[Excerpts from a dataset]
────────

lemma integral_mult_present_future:
  fixes F :: "real^'n \<Rightarrow> real" and g :: "(nat \<Rightarrow> real^'n) \<Rightarrow> real"
  assumes t: "t < T" and F: "F \<in> borel_measurable borel"
    and g: "g \<in> borel_measurable (PiM {Suc t..<T} (\<lambda>_. borel :: (real^'n) measure))"
    and h: "\<And>\<omega>. h \<omega> = g (restrict (\<lambda>i. P i \<omega>) {Suc t..<T})"
    and int_F: "integrable M (\<lambda>\<omega>. F (P t \<omega>))" and int_h: "integrable M h"
  shows "integrable M (\<lambda>\<omega>. F (P t \<omega>) * h \<omega>)
    \<and> integral\<^sup>L M (\<lambda>\<omega>. F (P t \<omega>) * h \<omega>) = integral\<^sup>L M (\<lambda>\<omega>. F (P t \<omega>)) * integral\<^sup>L M h"
proof -
  have hg: "h = (\<lambda>\<omega>. g (restrict (\<lambda>i. P i \<omega>) {Suc t..<T}))" by (rule ext) (rule h)
  note indep_var_present_future[OF t F g]
  from indep_var_integrable[OF this int_F int_h[unfolded hg]] indep_var_lebesgue_integral[OF this int_F int_h[unfolded hg]]
  show ?thesis unfolding hg by (rule conjI)
qed

text \<open>The slopes depend only on the returns after \<open>t\<close>, so by independence the moments factor.\<close>
lemma moments_two_slope_future:
  fixes g1 g2 :: "(nat \<Rightarrow> real^'n) \<Rightarrow> real" and r c :: real and v :: "real^'n"
  assumes t: "t < T"
    and g1 [measurable]: "g1 \<in> borel_measurable (PiM {Suc t..<T} (\<lambda>_. borel :: (real^'n) measure))"
    and g2 [measurable]: "g2 \<in> borel_measurable (PiM {Suc t..<T} (\<lambda>_. borel :: (real^'n) measure))"
    and h1: "\<And>\<omega>. h1 \<omega> = g1 (restrict (\<lambda>i. P i \<omega>) {Suc t..<T})"
    and h2: "\<And>\<omega>. h2 \<omega> = g2 (restrict (\<lambda>i. P i \<omega>) {Suc t..<T})"
    and int_h1: "integrable M h1" "integrable M (\<lambda>\<omega>. (h1 \<omega>)\<^sup>2)"
    and int_h2: "integrable M h2" "integrable M (\<lambda>\<omega>. (h2 \<omega>)\<^sup>2)"
  defines "H \<equiv> (\<lambda>\<omega>. two_slope (r + h1 \<omega>) (r + h2 \<omega>) (c + P t \<omega> \<bullet> v))"
  shows "integrable M H" "integrable M (\<lambda>\<omega>. (H \<omega>)\<^sup>2)"
    "integral\<^sup>L M H = (r + integral\<^sup>L M h1) * square_integrable_vector.mean_pos M (P t) c v
       + (r + integral\<^sup>L M h2) * square_integrable_vector.mean_neg M (P t) c v"
    "integral\<^sup>L M (\<lambda>\<omega>. (H \<omega>)\<^sup>2)
       = (r\<^sup>2 + 2 * r * integral\<^sup>L M h1 + integral\<^sup>L M (\<lambda>\<omega>. (h1 \<omega>)\<^sup>2)) * square_integrable_vector.sqmean_pos M (P t) c v
       + (r\<^sup>2 + 2 * r * integral\<^sup>L M h2 + integral\<^sup>L M (\<lambda>\<omega>. (h2 \<omega>)\<^sup>2)) * square_integrable_vector.sqmean_neg M (P t) c v"
proof -
  interpret X: nondegenerate_return M "P t" by (rule nondegenerate_return_at[OF t])
  let ?R = "\<lambda>\<omega>. restrict (\<lambda>i. P i \<omega>) {Suc t..<T}"
  note factor = integral_mult_present_future[OF t]
  have [measurable]: "P t \<in> borel_measurable M" by (rule measurable_return[OF t])
  have gs1: "(\<lambda>Q. (g1 Q)\<^sup>2) \<in> borel_measurable (PiM {Suc t..<T} (\<lambda>_. borel :: (real^'n) measure))"
    by measurable
  have gs2: "(\<lambda>Q. (g2 Q)\<^sup>2) \<in> borel_measurable (PiM {Suc t..<T} (\<lambda>_. borel :: (real^'n) measure))"
    by measurable
  have h1s: "(h1 \<omega>)\<^sup>2 = (g1 (?R \<omega>))\<^sup>2" and h2s: "(h2 \<omega>)\<^sup>2 = (g2 (?R \<omega>))\<^sup>2" for \<omega>
    using h1 h2 by simp_all
  have Fm1: "(\<lambda>q. max (c + q \<bullet> v) 0) \<in> borel_measurable borel" by measurable
  have Fm2: "(\<lambda>q. min (c + q \<bullet> v) 0) \<in> borel_measurable borel" by measurable
  have Fm3: "(\<lambda>q. (max (c + q \<bullet> v) 0)\<^sup>2) \<in> borel_measurable borel" by measurable
  have Fm4: "(\<lambda>q. (min (c + q \<bullet> v) 0)\<^sup>2) \<in> borel_measurable borel" by measurable
  note i = X.integrable_max[of c v] X.integrable_min[of c v]
    X.integrable_max_square[of c v] X.integrable_min_square[of c v]
  note f1 = factor[OF Fm1 g1 h1 i(1) int_h1(1)]
  note f2 = factor[OF Fm2 g2 h2 i(2) int_h2(1)]
  note f3 = factor[OF Fm3 g1 h1 i(3) int_h1(1)]
  note f4 = factor[OF Fm4 g2 h2 i(4) int_h2(1)]
  note f5 = factor[OF Fm3 gs1 h1s i(3) int_h1(2)]
  note f6 = factor[OF Fm4 gs2 h2s i(4) int_h2(2)]
  let ?Zp = "\<lambda>\<omega>. max (c + P t \<omega> \<bullet> v) 0" and ?Zm = "\<lambda>\<omega>. min (c + P t \<omega> \<bullet> v) 0"
  have H: "H = (\<lambda>\<omega>. r * ?Zp \<omega> + r * ?Zm \<omega> + ?Zp \<omega> * h1 \<omega> + ?Zm \<omega> * h2 \<omega>)"
    unfolding H_def two_slope_def by (simp add: algebra_simps)
  have H2: "(\<lambda>\<omega>. (H \<omega>)\<^sup>2) = (\<lambda>\<omega>. r\<^sup>2 * (?Zp \<omega>)\<^sup>2 + r\<^sup>2 * (?Zm \<omega>)\<^sup>2
      + 2 * r * ((?Zp \<omega>)\<^sup>2 * h1 \<omega>) + 2 * r * ((?Zm \<omega>)\<^sup>2 * h2 \<omega>)
      + (?Zp \<omega>)\<^sup>2 * (h1 \<omega>)\<^sup>2 + (?Zm \<omega>)\<^sup>2 * (h2 \<omega>)\<^sup>2)"
  proof
    fix \<omega>
    show "(H \<omega>)\<^sup>2 = r\<^sup>2 * (?Zp \<omega>)\<^sup>2 + r\<^sup>2 * (?Zm \<omega>)\<^sup>2
      + 2 * r * ((?Zp \<omega>)\<^sup>2 * h1 \<omega>) + 2 * r * ((?Zm \<omega>)\<^sup>2 * h2 \<omega>)
      + (?Zp \<omega>)\<^sup>2 * (h1 \<omega>)\<^sup>2 + (?Zm \<omega>)\<^sup>2 * (h2 \<omega>)\<^sup>2"
      unfolding H power2_eq_square using max_mult_min_eq_zero[of "c + P t \<omega> \<bullet> v"]
      by (simp add: algebra_simps)
  qed
  show "integrable M H" unfolding H using f1 f2 i by auto
  show "integrable M (\<lambda>\<omega>. (H \<omega>)\<^sup>2)" unfolding H2 using f3 f4 f5 f6 i by auto
  show "integral\<^sup>L M H = (r + integral\<^sup>L M h1) * X.mean_pos c v + (r + integral\<^sup>L M h2) * X.mean_neg c v"
    unfolding H X.mean_pos_def X.mean_neg_def using f1 f2 i by (simp add: algebra_simps)
  show "integral\<^sup>L M (\<lambda>\<omega>. (H \<omega>)\<^sup>2)
      = (r\<^sup>2 + 2 * r * integral\<^sup>L M h1 + integral\<^sup>L M (\<lambda>\<omega>. (h1 \<omega>)\<^sup>2)) * X.sqmean_pos c v
      + (r\<^sup>2 + 2 * r * integral\<^sup>L M h2 + integral\<^sup>L M (\<lambda>\<omega>. (h2 \<omega>)\<^sup>2)) * X.sqmean_neg c v"
    unfolding H2 X.sqmean_pos_def X.sqmean_neg_def using f3 f4 f5 f6 i by simp (simp add: algebra_simps)
qed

────────

- Exercise -
With the line containing "h1) * X.mean_pos" as the first and the final line of the records as the last, copy that span exactly and nothing more.

- Result -
  show "integral\<^sup>L M H = (r + integral\<^sup>L M h1) * X.mean_pos c v + (r + integral\<^sup>L M h2) * X.mean_neg c v"
    unfolding H X.mean_pos_def X.mean_neg_def using f1 f2 i by (simp add: algebra_simps)
  show "integral\<^sup>L M (\<lambda>\<omega>. (H \<omega>)\<^sup>2)
      = (r\<^sup>2 + 2 * r * integral\<^sup>L M h1 + integral\<^sup>L M (\<lambda>\<omega>. (h1 \<omega>)\<^sup>2)) * X.sqmean_pos c v
      + (r\<^sup>2 + 2 * r * integral\<^sup>L M h2 + integral\<^sup>L M (\<lambda>\<omega>. (h2 \<omega>)\<^sup>2)) * X.sqmean_neg c v"
    unfolding H2 X.sqmean_pos_def X.sqmean_neg_def using f3 f4 f5 f6 i by simp (simp add: algebra_simps)
qed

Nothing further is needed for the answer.